Oceans absorb around half of the carbon dioxide in the atmosphere mostly as dissolved bicarbonate. Like plants, plankton in the sea take up carbon dioxide through photosynthesis. But as oceans warm they absorb less. The increasing concentration of carbon dioxide in the atmosphere is also increasing the acidity of the oceans and damaging marine life.
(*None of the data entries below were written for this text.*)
(* Let $X$ be a geodesic space with $r(X)>0$, let $\varepsilon>0$, $0<q\le r(X)/2$, and let $A\subset X$ with $\operatorname{Diam}(A)\le q-2\varepsilon$. Then there exists an open geodesically convex subset $A_\infty\subset X$ containing $A$ with $\operatorname{Diam}(A_\infty)\le q-\varepsilon$.
   Context: A metric space is geodesic if any two points $x,y$ are joined by a path of length $d(x,y)$ (a geodesic; here a geodesic is the image of an isometric embedding of a closed interval). For a geodesic space $X$, $r(X)\ge0$ is the supremum of the real numbers $r$ satisfying: (1) for all $x,y\in X$ with $d(x,y)<2r$ there is a unique shortest geodesic from $x$ to $y$; (2) if $x,y,u\in X$ with $d(x,y)<r$, $d(u,x)<r$, $d(u,y)<r$ and $z$ is a point on the geodesic joining $x$ and $y$, then $d(u,z)\le\max\{d(u,x),d(u,y)\}$; (3) if $\gamma,\gamma'$ are arc-length parameterized geodesics with $\gamma(0)=\gamma'(0)$ and $0\le s,s'<r$, $0\le t<1$, then $d(\gamma(ts),\gamma'(ts'))\le d(\gamma(s),\gamma'(s'))$. A subset $A$ of a ball $B(x_0,r(X))$ is geodesically convex if every (unique shortest) geodesic connecting two points of $A$ lies entirely in $A$. *)

theory Defs
  imports "HOL-Analysis.Analysis"
begin

text \<open>The geodesic space X is the whole carrier of a type of class metric_space.\<close>

definition isom_on_interval :: "real \<Rightarrow> (real \<Rightarrow> 'a::metric_space) \<Rightarrow> bool" where
  "isom_on_interval L g \<longleftrightarrow> 0 \<le> L \<and>
     (\<forall>a\<in>{0..L}. \<forall>b\<in>{0..L}. dist (g a) (g b) = \<bar>a - b\<bar>)"

definition geodesic_path :: "'a::metric_space \<Rightarrow> 'a \<Rightarrow> (real \<Rightarrow> 'a) \<Rightarrow> bool" where
  "geodesic_path x y g \<longleftrightarrow> isom_on_interval (dist x y) g \<and> g 0 = x \<and> g (dist x y) = y"

definition geodesics :: "'a::metric_space \<Rightarrow> 'a \<Rightarrow> 'a set set" where
  "geodesics x y = {g ` {0..dist x y} | g. geodesic_path x y g}"

definition geodesic_space :: "'a::metric_space itself \<Rightarrow> bool" where
  "geodesic_space TYPE('a) \<longleftrightarrow> (\<forall>x y::'a. \<exists>g. geodesic_path x y g)"

text \<open>Conditions (1)--(3) for a given r.\<close>
definition r_admissible :: "'a::metric_space itself \<Rightarrow> real \<Rightarrow> bool" where
  "r_admissible TYPE('a) r \<longleftrightarrow>
     (\<forall>x y::'a. dist x y < 2 * r \<longrightarrow> (\<exists>!S. S \<in> geodesics x y)) \<and>
     (\<forall>x y u::'a. dist x y < r \<and> dist u x < r \<and> dist u y < r \<longrightarrow>
        (\<forall>z\<in>\<Union>(geodesics x y). dist u z \<le> max (dist u x) (dist u y))) \<and>
     (\<forall>(g::real \<Rightarrow> 'a) g' L L' s s' t. isom_on_interval L g \<and> isom_on_interval L' g' \<and>
        g 0 = g' 0 \<and> s \<in> {0..L} \<and> s' \<in> {0..L'} \<and> s < r \<and> s' < r \<and> 0 \<le> t \<and> t < 1 \<longrightarrow>
        dist (g (t * s)) (g' (t * s')) \<le> dist (g s) (g' s'))"

text \<open>r(X), as an extended real (it may be infinite).\<close>
definition rX :: "'a::metric_space itself \<Rightarrow> ereal" where
  "rX TYPE('a) = Sup (ereal ` {r. 0 \<le> r \<and> r_admissible TYPE('a) r})"

definition geod_convex :: "'a::metric_space set \<Rightarrow> bool" where
  "geod_convex A \<longleftrightarrow> (\<exists>x0::'a. \<forall>x\<in>A. ereal (dist x0 x) < rX TYPE('a)) \<and>
     (\<forall>x\<in>A. \<forall>y\<in>A. \<forall>S\<in>geodesics x y. S \<subseteq> A)"

end

theory Submission
  imports Defs
begin

text \<open>Starting from \<open>A\<close>, alternately adjoin all geodesics between current points and thicken
  to an open \<open>\<epsilon>/2^(n+2)\<close>-neighbourhood. By condition (2) of \<open>r(X)\<close>, adjoining geodesics does not
  increase the diameter as long as it stays below \<open>r(X)\<close>, while the thickenings add at most
  \<open>\<epsilon>/2 + \<epsilon>/4 + \<dots> = \<epsilon>\<close> in total. The union of the resulting increasing chain is open, contains
  every geodesic between two of its points, and has diameter at most \<open>Diam(A) + \<epsilon>\<close>.\<close>

definition geodesic_hull :: "'a::metric_space set \<Rightarrow> 'a set" where
  "geodesic_hull S = S \<union> (\<Union>x\<in>S. \<Union>y\<in>S. \<Union>(geodesics x y))"

definition thickening :: "real \<Rightarrow> 'a::metric_space set \<Rightarrow> 'a set" where
  "thickening d S = (\<Union>s\<in>S. ball s d)"

lemma open_thickening: "open (thickening d S)"
  by (simp add: thickening_def open_UN)

lemma subset_thickening: "d > 0 \<Longrightarrow> S \<subseteq> thickening d S"
  unfolding thickening_def by force

lemma thickening_dist_le:
  assumes "\<And>x y. x \<in> S \<Longrightarrow> y \<in> S \<Longrightarrow> dist x y \<le> D"
    and "x \<in> thickening d S" "y \<in> thickening d S"
  shows "dist x y \<le> D + 2 * d"
proof -
  obtain a b where ab: "a \<in> S" "b \<in> S" "dist a x < d" "dist b y < d"
    using assms(2,3) unfolding thickening_def by auto
  have "dist x y \<le> dist x a + dist a b + dist b y"
    by (metis add_right_mono dist_triangle order_trans)
  then show ?thesis
    using ab assms(1)[of a b] by (simp add: dist_commute)
qed

lemma geodesic_hull_dist_le_point:
  fixes S :: "'a::metric_space set"
  assumes adm: "r_admissible TYPE('a) r" and "D < r"
    and S: "\<And>x y. x \<in> S \<Longrightarrow> y \<in> S \<Longrightarrow> dist x y \<le> D"
    and u: "\<And>s. s \<in> S \<Longrightarrow> dist u s \<le> D"
    and z: "z \<in> geodesic_hull S"
  shows "dist u z \<le> D"
proof (cases "z \<in> S")
  case True
  then show ?thesis using u by blast
next
  case False
  then obtain x y where xy: "x \<in> S" "y \<in> S" "z \<in> \<Union>(geodesics x y)"
    using z unfolding geodesic_hull_def by blast
  have "dist u z \<le> max (dist u x) (dist u y)"
    using adm xy S[of x y] u[of x] u[of y] \<open>D < r\<close>
    unfolding r_admissible_def by (meson le_less_trans)
  then show ?thesis
    using u xy by (meson max.boundedI order_trans)
qed

lemma geodesic_hull_dist_le:
  fixes S :: "'a::metric_space set"
  assumes adm: "r_admissible TYPE('a) r" and "D < r"
    and S: "\<And>x y. x \<in> S \<Longrightarrow> y \<in> S \<Longrightarrow> dist x y \<le> D"
    and "x \<in> geodesic_hull S" "y \<in> geodesic_hull S"
  shows "dist x y \<le> D"
proof -
  have "dist s x \<le> D" if "s \<in> S" for s
    using geodesic_hull_dist_le_point[OF adm \<open>D < r\<close> S] S that \<open>x \<in> geodesic_hull S\<close> by blast
  then show ?thesis
    using geodesic_hull_dist_le_point[OF adm \<open>D < r\<close> S] \<open>y \<in> geodesic_hull S\<close>
    by (simp add: dist_commute)
qed

primrec convexifying_seq :: "'a::metric_space set \<Rightarrow> real \<Rightarrow> nat \<Rightarrow> 'a set" where
  "convexifying_seq A e 0 = A"
| "convexifying_seq A e (Suc n) = thickening (e / 2 ^ (n + 2)) (geodesic_hull (convexifying_seq A e n))"

lemma geodesic_hull_subset_convexifying_seq_Suc:
  "e > 0 \<Longrightarrow> geodesic_hull (convexifying_seq A e n) \<subseteq> convexifying_seq A e (Suc n)"
  by (simp add: subset_thickening)

lemma incseq_convexifying_seq:
  assumes "e > 0" shows "incseq (convexifying_seq A e)"
proof (rule incseq_SucI)
  fix n
  have "convexifying_seq A e n \<subseteq> geodesic_hull (convexifying_seq A e n)"
    by (simp add: geodesic_hull_def)
  then show "convexifying_seq A e n \<subseteq> convexifying_seq A e (Suc n)"
    using geodesic_hull_subset_convexifying_seq_Suc[OF assms] by blast
qed

lemma common_convexifying_seq:
  assumes "e > 0"
    and "x \<in> (\<Union>n. convexifying_seq A e n)" "y \<in> (\<Union>n. convexifying_seq A e n)"
  obtains n where "x \<in> convexifying_seq A e n" "y \<in> convexifying_seq A e n"
proof -
  obtain m n where "x \<in> convexifying_seq A e m" "y \<in> convexifying_seq A e n"
    using assms(2,3) by blast
  then show ?thesis
    using that[of "max m n"] incseq_convexifying_seq[OF \<open>e > 0\<close>]
    by (meson incseq_def max.cobounded1 max.cobounded2 subsetD)
qed

lemma convexifying_seq_dist_le:
  fixes A :: "'a::metric_space set"
  assumes adm: "r_admissible TYPE('a) r" and "e > 0" and "D + e < r"
    and A: "\<And>x y. x \<in> A \<Longrightarrow> y \<in> A \<Longrightarrow> dist x y \<le> D"
  shows "x \<in> convexifying_seq A e n \<Longrightarrow> y \<in> convexifying_seq A e n \<Longrightarrow>
    dist x y \<le> D + e * (1 - 1 / 2 ^ n)"
proof (induction n arbitrary: x y)
  case 0
  then show ?case using A by simp
next
  case (Suc n)
  let ?D = "D + e * (1 - 1 / 2 ^ n)"
  have "e * (1 - 1 / 2 ^ n) \<le> e"
    using \<open>e > 0\<close> by (simp add: mult_le_cancel_left1)
  then have "?D < r" using \<open>D + e < r\<close> by linarith
  then have "dist x y \<le> ?D + 2 * (e / 2 ^ (n + 2))"
    using Suc.prems geodesic_hull_dist_le[OF adm _ Suc.IH]
    by (intro thickening_dist_le[of "geodesic_hull (convexifying_seq A e n)" ?D]) auto
  also have "\<dots> = D + e * (1 - 1 / 2 ^ Suc n)"
    by (simp add: field_simps)
  finally show ?case .
qed

lemma Union_convexifying_seq_dist_le:
  fixes A :: "'a::metric_space set"
  assumes adm: "r_admissible TYPE('a) r" and "e > 0" and "D + e < r"
    and A: "\<And>x y. x \<in> A \<Longrightarrow> y \<in> A \<Longrightarrow> dist x y \<le> D"
    and x: "x \<in> (\<Union>n. convexifying_seq A e n)" and y: "y \<in> (\<Union>n. convexifying_seq A e n)"
  shows "dist x y \<le> D + e"
proof -
  obtain n where "x \<in> convexifying_seq A e n" "y \<in> convexifying_seq A e n"
    using common_convexifying_seq[OF \<open>e > 0\<close> x y] .
  then have "dist x y \<le> D + e * (1 - 1 / 2 ^ n)"
    using convexifying_seq_dist_le[OF assms(1-4)] by blast
  also have "\<dots> \<le> D + e"
    using \<open>e > 0\<close> by (simp add: mult_le_cancel_left1)
  finally show ?thesis .
qed

lemma open_Union_convexifying_seq:
  assumes "e > 0" shows "open (\<Union>n. convexifying_seq A e n)"
proof -
  have "(\<Union>n. convexifying_seq A e n) = (\<Union>n. convexifying_seq A e (Suc n))"
    using incseq_SucD[OF incseq_convexifying_seq[OF assms]] by blast
  then show ?thesis
    by (simp add: open_UN open_thickening)
qed

lemma geodesics_subset_Union_convexifying_seq:
  assumes "e > 0"
    and x: "x \<in> (\<Union>n. convexifying_seq A e n)" and y: "y \<in> (\<Union>n. convexifying_seq A e n)"
    and G: "G \<in> geodesics x y"
  shows "G \<subseteq> (\<Union>n. convexifying_seq A e n)"
proof -
  obtain n where "x \<in> convexifying_seq A e n" "y \<in> convexifying_seq A e n"
    using common_convexifying_seq[OF \<open>e > 0\<close> x y] .
  then have "G \<subseteq> geodesic_hull (convexifying_seq A e n)"
    using G unfolding geodesic_hull_def by blast
  also have "\<dots> \<subseteq> convexifying_seq A e (Suc n)"
    using geodesic_hull_subset_convexifying_seq_Suc[OF \<open>e > 0\<close>] .
  finally show ?thesis by blast
qed

lemma bounded_diameter_le_dist_bound:
  fixes S :: "'a::metric_space set"
  assumes "0 \<le> c" and S: "\<And>x y. x \<in> S \<Longrightarrow> y \<in> S \<Longrightarrow> dist x y \<le> c"
  shows "bounded S \<and> diameter S \<le> c"
proof (cases "S = {}")
  case False
  then obtain x0 where "x0 \<in> S" by auto
  then have "bounded S"
    unfolding bounded_def using S by blast
  moreover have "diameter S \<le> c"
    using False S unfolding diameter_def by (auto intro!: cSUP_least)
  ultimately show ?thesis ..
qed (simp add: \<open>0 \<le> c\<close>)

lemma bounded_diameter_Union_convexifying_seq:
  fixes A :: "'a::metric_space set"
  assumes adm: "r_admissible TYPE('a) r" and "e > 0"
    and "bounded A" and "diameter A + e < r"
  shows "bounded (\<Union>n. convexifying_seq A e n) \<and>
    diameter (\<Union>n. convexifying_seq A e n) \<le> diameter A + e"
proof (rule bounded_diameter_le_dist_bound)
  show "0 \<le> diameter A + e"
    using diameter_ge_0[OF \<open>bounded A\<close>] \<open>e > 0\<close> by linarith
  have A_dist: "dist x y \<le> diameter A" if "x \<in> A" "y \<in> A" for x y
    using \<open>bounded A\<close> that by (rule diameter_bounded_bound)
  show "dist x y \<le> diameter A + e"
    if "x \<in> (\<Union>n. convexifying_seq A e n)" "y \<in> (\<Union>n. convexifying_seq A e n)" for x y
    using adm \<open>e > 0\<close> \<open>diameter A + e < r\<close> A_dist that by (rule Union_convexifying_seq_dist_le)
qed

lemma geod_convexI:
  fixes S :: "'a::metric_space set"
  assumes "bounded S" and "ereal (diameter S) < rX TYPE('a)"
    and "\<And>x y G. x \<in> S \<Longrightarrow> y \<in> S \<Longrightarrow> G \<in> geodesics x y \<Longrightarrow> G \<subseteq> S"
  shows "geod_convex S"
proof -
  have "\<exists>x0. \<forall>x\<in>S. ereal (dist x0 x) < rX TYPE('a)"
  proof (cases "S = {}")
    case False
    then obtain x0 where "x0 \<in> S" by auto
    then have "\<forall>x\<in>S. ereal (dist x0 x) \<le> ereal (diameter S)"
      using diameter_bounded_bound[OF \<open>bounded S\<close>] by simp
    then show ?thesis
      using assms(2) le_less_trans by blast
  qed simp
  then show ?thesis
    unfolding geod_convex_def using assms(3) by blast
qed

lemma ex_r_admissible_gt:
  assumes "ereal c < rX TYPE('a::metric_space)"
  obtains r where "r_admissible TYPE('a) r" "c < r"
  using assms unfolding rX_def less_Sup_iff by auto

theorem mainTheorem4:
  fixes A :: "'a::metric_space set" and \<epsilon> q :: real
  assumes "geodesic_space TYPE('a)"
    and "rX TYPE('a) > 0"
    and "\<epsilon> > 0" and "q > 0" and "ereal q \<le> rX TYPE('a) / 2"
    and "bounded A" and "diameter A \<le> q - 2 * \<epsilon>"
  shows "\<exists>A_inf. open A_inf \<and> geod_convex A_inf \<and> A \<subseteq> A_inf \<and>
           bounded A_inf \<and> diameter A_inf \<le> q - \<epsilon>"
proof -
  have "ereal (q - \<epsilon>) < rX TYPE('a)"
    using assms(2,3,5) by (cases "rX TYPE('a)") auto
  then obtain r where r: "r_admissible TYPE('a) r" "q - \<epsilon> < r"
    by (rule ex_r_admissible_gt)
  define A_inf where "A_inf = (\<Union>n. convexifying_seq A \<epsilon> n)"
  have "diameter A + \<epsilon> < r"
    using assms(7) r(2) by linarith
  then have bounded: "bounded A_inf" and diameter: "diameter A_inf \<le> q - \<epsilon>"
    using bounded_diameter_Union_convexifying_seq[OF r(1) \<open>\<epsilon> > 0\<close> \<open>bounded A\<close>] assms(7)
    unfolding A_inf_def by auto
  have "geod_convex A_inf"
  proof (rule geod_convexI[OF bounded])
    show "ereal (diameter A_inf) < rX TYPE('a)"
      using diameter \<open>ereal (q - \<epsilon>) < rX TYPE('a)\<close> by (meson ereal_less_eq(3) le_less_trans)
    show "G \<subseteq> A_inf" if "x \<in> A_inf" "y \<in> A_inf" "G \<in> geodesics x y" for x y G
      using geodesics_subset_Union_convexifying_seq[OF \<open>\<epsilon> > 0\<close>] that unfolding A_inf_def .
  qed
  moreover have "open A_inf"
    unfolding A_inf_def by (rule open_Union_convexifying_seq[OF \<open>\<epsilon> > 0\<close>])
  moreover have "A \<subseteq> A_inf"
    unfolding A_inf_def using convexifying_seq.simps(1) by blast
  ultimately show ?thesis
    using bounded diameter by blast
qed

end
Organic material in soil takes carbon dioxide out of the atmosphere. More carbon is held in the world’s soils than in the atmosphere. But the capacity of the soil is limited and over time the amount of carbon dioxide escaping into the atmosphere will increase.

methane

Methane (CH4) is a naturally occurring greenhouse gas but levels in the atmosphere have more than doubled since the pre-industrial era. Farming contributes a huge amount: one dairy cow produces an estimated 500 litres of methane daily, mainly when burping – and there are some 10 million cattle in the UK. But methane also comes from landfill sites, burning fossil fuels, wetlands and drying peat bogs (swamp gas). It has a relatively short life span, of 11-12 years. Even so, methane is a powerful greenhouse gas, absorbing 20-25 times more infrared energy than carbon dioxide, and it is responsible for 24 per cent of global warming.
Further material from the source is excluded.